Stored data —
┌────────

lemma alphah_eq_ghat_zero: "alphah q E Phi g w = ghat q E Phi g w (\<lambda>_. 0)"
  unfolding alphah_def
  using tinner_tprod_evec[OF finite_Ew zero_in_asg[OF Ew_sub]] by (simp add: tinner_commute)

lemma alpha_eq_tinner: "alpha q E Phih f v = (\<Prod>e\<in>Ev E v. ch e) * tinner q (Ev E v) (f v) (tprod (Ev E v) mwv)"
  unfolding alpha_eq_fhat_zero fhat_def
  by (rule tmap_at_zero[OF finite_Ev]) (use Phih_row Ev_sub in blast)

lemma alphah_eq_tinner: "alphah q E Phi g w = (\<Prod>e\<in>Ew E w. c e) * tinner q (Ew E w) (tprod (Ew E w) mvw) (g w)"
  unfolding alphah_eq_ghat_zero ghat_def tinner_commute[of q "Ew E w" "tprod (Ew E w) mvw"]
  by (rule tmap_at_zero[OF finite_Ew]) (use Phi_column Ew_sub in \<open>auto simp: adj_def\<close>)

lemma fhat_vanishes_on_axis:
  assumes "(v, w) \<in> E" "1 \<le> j" "j < q (v, w)"
  shows "fhat q E Phih f v (\<lambda>e. if e = (v, w) then j else 0) = 0"
proof -
  have "(v, w) \<in> Ev E v" using assms(1) by (simp add: Ev_def)
  then have "fhat q E Phih f v (\<lambda>e. if e = (v, w) then j else 0) =
      tinner q (Ev E v) (fhat q E Phih f v) (tprod (Ev E v) (\<lambda>e. if e = (v, w) then evec j else evec 0))"
    by (rule tinner_tprod_axis[OF finite_Ev axis_in_asg[OF Ev_sub _ assms(3)], symmetric])
  also have "\<dots> = 0" using orth_f assms by blast
  finally show ?thesis .
qed

lemma ghat_vanishes_on_axis:
  assumes "(v, w) \<in> E" "1 \<le> j" "j < q (v, w)"
  shows "ghat q E Phi g w (\<lambda>e. if e = (v, w) then j else 0) = 0"
proof -
  have "(v, w) \<in> Ew E w" using assms(1) by (simp add: Ew_def)
  then have "ghat q E Phi g w (\<lambda>e. if e = (v, w) then j else 0) =
      tinner q (Ew E w) (tprod (Ew E w) (\<lambda>e. if e = (v, w) then evec j else evec 0)) (ghat q E Phi g w)"
    unfolding tinner_commute[of q _ "tprod _ _"]
    by (rule tinner_tprod_axis[OF finite_Ew axis_in_asg[OF Ew_sub _ assms(3)], symmetric])
  also have "\<dots> = 0" using orth_g assms by blast
  finally show ?thesis .
qed

lemma message_from_variable:
  assumes e: "(v, w) \<in> E" and y: "y \<in> asg q {(v, w)}"
  shows "pinner q (Ev E v - {(v, w)}) (f v) (tprod (Ev E v - {(v, w)}) mwv) y =
    alpha q E Phih f v * c (v, w) / (\<Prod>e\<in>Ev E v - {(v, w)}. ch e) * mvw (v, w) (y (v, w))"
proof -
  have a: "(v, w) \<in> Ev E v" using e by (simp add: Ev_def)
  have "y (v, w) < q (v, w)" using y by (simp add: asg_def)
  then have "Phi (v, w) (y (v, w)) 0 = c (v, w) * mvw (v, w) (y (v, w))"
    using Phi_column e by blast
  moreover have "pinner q (Ev E v - {(v, w)}) (f v) (tprod (Ev E v - {(v, w)}) mwv) y =
      tmap q (Ev E v) Phih (f v) (\<lambda>_. 0) / (\<Prod>e\<in>Ev E v - {(v, w)}. ch e) * Phi (v, w) (y (v, w)) 0"
  proof (rule pinner_tprod_collinear[where d = ch, OF finite_Ev a _ _ _ _ _ y])
    show "0 < q (v, w)" using q_pos e by blast
    show "\<forall>i<q (v, w). \<forall>k<q (v, w).
        (\<Sum>j<q (v, w). Phi (v, w) i j * Phih (v, w) j k) = (if i = k then 1 else 0)"
      using inverse e by (simp add: is_inverse_def)
    show "\<forall>e\<in>Ev E v - {(v, w)}. \<forall>i<q e. Phih e 0 i = ch e * mwv e i"
      using Phih_row Ev_sub by blast
    show "\<forall>e\<in>Ev E v - {(v, w)}. ch e \<noteq> 0"
      using c_pos Ev_sub by fastforce
    show "\<forall>j. 1 \<le> j \<longrightarrow> j < q (v, w) \<longrightarrow>
        tmap q (Ev E v) Phih (f v) (\<lambda>e. if e = (v, w) then j else 0) = 0"
      using fhat_vanishes_on_axis[OF e] by (simp add: fhat_def)
  qed
  ultimately show ?thesis
    by (simp add: alpha_eq_fhat_zero fhat_def)
qed

lemma message_from_factor:
  assumes e: "(v, w) \<in> E" and y: "y \<in> asg q {(v, w)}"
  shows "lpinner q (Ew E w - {(v, w)}) (tprod (Ew E w - {(v, w)}) mvw) (g w) y =
    alphah q E Phi g w * ch (v, w) / (\<Prod>e\<in>Ew E w - {(v, w)}. c e) * mwv (v, w) (y (v, w))"
proof -
  have a: "(v, w) \<in> Ew E w" using e by (simp add: Ew_def)
  have "y (v, w) < q (v, w)" using y by (simp add: asg_def)
  then have "adj (Phih (v, w)) (y (v, w)) 0 = ch (v, w) * mwv (v, w) (y (v, w))"
    using Phih_row e by (simp add: adj_def)
  moreover have "pinner q (Ew E w - {(v, w)}) (g w) (tprod (Ew E w - {(v, w)}) mvw) y =
      tmap q (Ew E w) (\<lambda>e. adj (Phi e)) (g w) (\<lambda>_. 0) / (\<Prod>e\<in>Ew E w - {(v, w)}. c e) *
      adj (Phih (v, w)) (y (v, w)) 0"
  proof (rule pinner_tprod_collinear[where d = c and A = "\<lambda>e. adj (Phi e)", OF finite_Ew a _ _ _ _ _ y])
    show "0 < q (v, w)" using q_pos e by blast
    show "\<forall>i<q (v, w). \<forall>k<q (v, w).
        (\<Sum>j<q (v, w). adj (Phih (v, w)) i j * adj (Phi (v, w)) j k) = (if i = k then 1 else 0)"
      using inverse e by (auto simp: is_inverse_def adj_def mult.commute)
    show "\<forall>e\<in>Ew E w - {(v, w)}. \<forall>i<q e. adj (Phi e) 0 i = c e * mvw e i"
      using Phi_column Ew_sub by (auto simp: adj_def)
    show "\<forall>e\<in>Ew E w - {(v, w)}. c e \<noteq> 0"
      using c_pos Ew_sub by fastforce
    show "\<forall>j. 1 \<le> j \<longrightarrow> j < q (v, w) \<longrightarrow>
        tmap q (Ew E w) (\<lambda>e. adj (Phi e)) (g w) (\<lambda>e. if e = (v, w) then j else 0) = 0"
      using ghat_vanishes_on_axis[OF e] by (simp add: ghat_def)
  qed
  ultimately show ?thesis
    by (simp add: lpinner_eq_pinner alphah_eq_ghat_zero ghat_def)
qed

lemma prod_Ev_Ew:
  "(\<Prod>v\<in>V. \<Prod>e\<in>Ev E v. h e) = (\<Prod>e\<in>E. h e)"
  "(\<Prod>w\<in>W. \<Prod>e\<in>Ew E w. h e) = (\<Prod>e\<in>E. h e)"
proof -
  have "fst ` E \<subseteq> V" "snd ` E \<subseteq> W" using E_sub by auto
  then show "(\<Prod>v\<in>V. \<Prod>e\<in>Ev E v. h e) = (\<Prod>e\<in>E. h e)" "(\<Prod>w\<in>W. \<Prod>e\<in>Ew E w. h e) = (\<Prod>e\<in>E. h e)"
    using prod.group[OF finite_E finite_V, of fst h] prod.group[OF finite_E finite_W, of snd h]
    by (simp_all add: Ev_def Ew_def)
qed

lemma zero_term_factorization:
  "(\<Prod>v\<in>V. alpha q E Phih f v) * (\<Prod>w\<in>W. alphah q E Phi g w) =
    (\<Prod>v\<in>V. tinner q (Ev E v) (f v) (tprod (Ev E v) mwv)) *
    (\<Prod>w\<in>W. tinner q (Ew E w) (tprod (Ew E w) mvw) (g w)) *
    (\<Prod>e\<in>E. 1 / einner (q e) (mvw e) (mwv e))"
proof -
  have "1 / einner (q e) (mvw e) (mwv e) = ch e * c e" if "e \<in> E" for e
  proof -
    have "einner (q e) (mvw e) (mwv e) \<noteq> 0" using edge_normalization[OF that] by auto
    with edge_normalization[OF that] show ?thesis by (simp add: field_simps)
  qed
  then have "(\<Prod>e\<in>E. 1 / einner (q e) (mvw e) (mwv e)) = (\<Prod>e\<in>E. ch e * c e)"
    by (rule prod.cong[OF refl])
  then show ?thesis
    unfolding alpha_eq_tinner alphah_eq_tinner prod.distrib prod_Ev_Ew by (simp add: mult_ac)
qed

lemma bp_fixed_point_if_alpha_pos:
  assumes "\<forall>e\<in>E. mvw e \<in> C e \<and> mwv e \<in> dual_cone (q e) (C e)"
    and "\<forall>e\<in>E. einner (q e) (mvw e) (us e) = 1 \<and> einner (q e) (u e) (mwv e) = 1"
    and alpha_pos: "\<forall>v\<in>V. alpha q E Phih f v > 0" and alphah_pos: "\<forall>w\<in>W. alphah q E Phi g w > 0"
  shows "bp_fixed_point q E C u us f g mvw mwv"
  unfolding bp_fixed_point_def
proof (intro conjI allI impI)
  fix v w assume e: "(v, w) \<in> E"
  let ?D = "\<Prod>e\<in>Ev E v - {(v, w)}. ch e" and ?Dh = "\<Prod>e\<in>Ew E w - {(v, w)}. c e"
  have pos: "?D > 0" "?Dh > 0" "alpha q E Phih f v > 0" "alphah q E Phi g w > 0"
      "c (v, w) > 0" "ch (v, w) > 0"
    using c_pos Ev_sub Ew_sub alpha_pos alphah_pos e E_sub by (auto intro!: prod_pos dest!: subsetD)
  show "\<exists>k>0. \<forall>y\<in>asg q {(v, w)}. mvw (v, w) (y (v, w)) =
      k * pinner q (Ev E v - {(v, w)}) (f v) (tprod (Ev E v - {(v, w)}) mwv) y"
    using pos by (auto simp: message_from_variable[OF e]
        intro!: exI[of _ "?D / (alpha q E Phih f v * c (v, w))"])
  show "\<exists>k>0. \<forall>y\<in>asg q {(v, w)}. mwv (v, w) (y (v, w)) =
      k * lpinner q (Ew E w - {(v, w)}) (tprod (Ew E w - {(v, w)}) mvw) (g w) y"
    using pos by (auto simp: message_from_factor[OF e]
        intro!: exI[of _ "?Dh / (alphah q E Phi g w * ch (v, w))"])
qed (use assms(1,2) in blast)+

end

lemma mapp_evec_zero: "i < n \<Longrightarrow> mapp n A (evec 0) i = A i 0"
  by (simp add: mapp_def evec_def if_distrib cong: if_cong)

theorem mainTheorem4:
  fixes V :: "'v set" and W :: "'w set" and E :: "('v \<times> 'w) set"
    and q :: "'v \<times> 'w \<Rightarrow> nat"
    and f :: "'v \<Rightarrow> ('v \<times> 'w) tensor" and g :: "'w \<Rightarrow> ('v \<times> 'w) tensor"
    and Phi Phih :: "'v \<times> 'w \<Rightarrow> nat \<Rightarrow> nat \<Rightarrow> real"
    and C :: "'v \<times> 'w \<Rightarrow> (nat \<Rightarrow> real) set"
    and u us :: "'v \<times> 'w \<Rightarrow> nat \<Rightarrow> real"
    and mvw mwv :: "'v \<times> 'w \<Rightarrow> nat \<Rightarrow> real"
    and c ch :: "'v \<times> 'w \<Rightarrow> real"
  assumes graph: "finite V" "finite W" "E \<subseteq> V \<times> W"
    and dim: "\<forall>e\<in>E. q e \<ge> 1"
    and inv: "\<forall>e\<in>E. is_inverse (q e) (Phi e) (Phih e)"
    and orth_f: "\<forall>v w x. (v, w) \<in> E \<longrightarrow> 1 \<le> x \<longrightarrow> x < q (v, w) \<longrightarrow>
        tinner q (Ev E v) (fhat q E Phih f v)
          (tprod (Ev E v) (\<lambda>e. if e = (v, w) then evec x else evec 0)) = 0"
    and orth_g: "\<forall>v w x. (v, w) \<in> E \<longrightarrow> 1 \<le> x \<longrightarrow> x < q (v, w) \<longrightarrow>
        tinner q (Ew E w)
          (tprod (Ew E w) (\<lambda>e. if e = (v, w) then evec x else evec 0)) (ghat q E Phi g w) = 0"
    and cones: "\<forall>e\<in>E. closed_convex_cone (q e) (C e)"
    and u_int: "\<forall>e\<in>E. in_einterior (q e) (C e) (u e)"
    and us_int: "\<forall>e\<in>E. in_einterior (q e) (dual_cone (q e) (C e)) (us e)"
    and Phi_C: "\<forall>e\<in>E. mapp (q e) (Phi e) (evec 0) \<in> C e"
    and Phih_C: "\<forall>e\<in>E. mapp (q e) (adj (Phih e)) (evec 0) \<in> dual_cone (q e) (C e)"
    and Phi_pos: "\<forall>e\<in>E. einner (q e) (mapp (q e) (Phi e) (evec 0)) (us e) > 0"
    and Phih_pos: "\<forall>e\<in>E. einner (q e) (u e) (mapp (q e) (adj (Phih e)) (evec 0)) > 0"
    and decomp: "\<forall>e\<in>E. mapp (q e) (Phi e) (evec 0) = (\<lambda>i. c e * mvw e i)"
    and decomph: "\<forall>e\<in>E. mapp (q e) (adj (Phih e)) (evec 0) = (\<lambda>i. ch e * mwv e i)"
    and c_pos: "\<forall>e\<in>E. c e > 0 \<and> ch e > 0"
    and m_C: "\<forall>e\<in>E. mvw e \<in> C e \<and> mwv e \<in> dual_cone (q e) (C e)"
    and m_norm: "\<forall>e\<in>E. einner (q e) (mvw e) (us e) = 1 \<and> einner (q e) (u e) (mwv e) = 1"
  shows
    "(\<forall>e\<in>E. c e * ch e * einner (q e) (mvw e) (mwv e) = 1)
     \<and> (\<forall>v w. (v, w) \<in> E \<longrightarrow> (\<forall>y\<in>asg q {(v, w)}.
          pinner q (Ev E v - {(v, w)}) (f v) (tprod (Ev E v - {(v, w)}) mwv) y =
            alpha q E Phih f v * c (v, w) / (\<Prod>e\<in>Ev E v - {(v, w)}. ch e) * mvw (v, w) (y (v, w))))
     \<and> (\<forall>v w. (v, w) \<in> E \<longrightarrow> (\<forall>y\<in>asg q {(v, w)}.
          lpinner q (Ew E w - {(v, w)}) (tprod (Ew E w - {(v, w)}) mvw) (g w) y =
            alphah q E Phi g w * ch (v, w) / (\<Prod>e\<in>Ew E w - {(v, w)}. c e) * mwv (v, w) (y (v, w))))
     \<and> ((\<forall>v\<in>V. alpha q E Phih f v > 0) \<and> (\<forall>w\<in>W. alphah q E Phi g w > 0) \<longrightarrow>
          bp_fixed_point q E C u us f g mvw mwv)
     \<and> (\<Prod>v\<in>V. alpha q E Phih f v) * (\<Prod>w\<in>W. alphah q E Phi g w) =
        (\<Prod>v\<in>V. tinner q (Ev E v) (f v) (tprod (Ev E v) mwv)) *
        (\<Prod>w\<in>W. tinner q (Ew E w) (tprod (Ew E w) mvw) (g w)) *
        (\<Prod>e\<in>E. 1 / einner (q e) (mvw e) (mwv e))"
  \<comment> \<open>The cone and positivity hypotheses serve only to make decomp and decomph possible.\<close>
proof -
  have "\<forall>e\<in>E. \<forall>i<q e. Phi e i 0 = c e * mvw e i"
    using decomp by (metis mapp_evec_zero)
  moreover have "\<forall>e\<in>E. \<forall>i<q e. Phih e 0 i = ch e * mwv e i"
    using decomph by (metis mapp_evec_zero adj_def)
  ultimately interpret gauge_fixed_point V W E q f g Phi Phih mvw mwv c ch
    using graph dim inv orth_f orth_g c_pos by unfold_locales auto
  show ?thesis
    using edge_normalization message_from_variable message_from_factor
      bp_fixed_point_if_alpha_pos[OF m_C m_norm] zero_term_factorization
    by blast
qed

end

└────────

Task statement — The answer must be a verbatim transcription of the entries above, from the first line through the line that contains "unfolding tinner_commute[of q", and nothing more.

Result —
lemma alphah_eq_ghat_zero: "alphah q E Phi g w = ghat q E Phi g w (\<lambda>_. 0)"
  unfolding alphah_def
  using tinner_tprod_evec[OF finite_Ew zero_in_asg[OF Ew_sub]] by (simp add: tinner_commute)

lemma alpha_eq_tinner: "alpha q E Phih f v = (\<Prod>e\<in>Ev E v. ch e) * tinner q (Ev E v) (f v) (tprod (Ev E v) mwv)"
  unfolding alpha_eq_fhat_zero fhat_def
  by (rule tmap_at_zero[OF finite_Ev]) (use Phih_row Ev_sub in blast)

lemma alphah_eq_tinner: "alphah q E Phi g w = (\<Prod>e\<in>Ew E w. c e) * tinner q (Ew E w) (tprod (Ew E w) mvw) (g w)"
  unfolding alphah_eq_ghat_zero ghat_def tinner_commute[of q "Ew E w" "tprod (Ew E w) mvw"]
  by (rule tmap_at_zero[OF finite_Ew]) (use Phi_column Ew_sub in \<open>auto simp: adj_def\<close>)

lemma fhat_vanishes_on_axis:
  assumes "(v, w) \<in> E" "1 \<le> j" "j < q (v, w)"
  shows "fhat q E Phih f v (\<lambda>e. if e = (v, w) then j else 0) = 0"
proof -
  have "(v, w) \<in> Ev E v" using assms(1) by (simp add: Ev_def)
  then have "fhat q E Phih f v (\<lambda>e. if e = (v, w) then j else 0) =
      tinner q (Ev E v) (fhat q E Phih f v) (tprod (Ev E v) (\<lambda>e. if e = (v, w) then evec j else evec 0))"
    by (rule tinner_tprod_axis[OF finite_Ev axis_in_asg[OF Ev_sub _ assms(3)], symmetric])
  also have "\<dots> = 0" using orth_f assms by blast
  finally show ?thesis .
qed

lemma ghat_vanishes_on_axis:
  assumes "(v, w) \<in> E" "1 \<le> j" "j < q (v, w)"
  shows "ghat q E Phi g w (\<lambda>e. if e = (v, w) then j else 0) = 0"
proof -
  have "(v, w) \<in> Ew E w" using assms(1) by (simp add: Ew_def)
  then have "ghat q E Phi g w (\<lambda>e. if e = (v, w) then j else 0) =
      tinner q (Ew E w) (tprod (Ew E w) (\<lambda>e. if e = (v, w) then evec j else evec 0)) (ghat q E Phi g w)"
    unfolding tinner_commute[of q _ "tprod _ _"]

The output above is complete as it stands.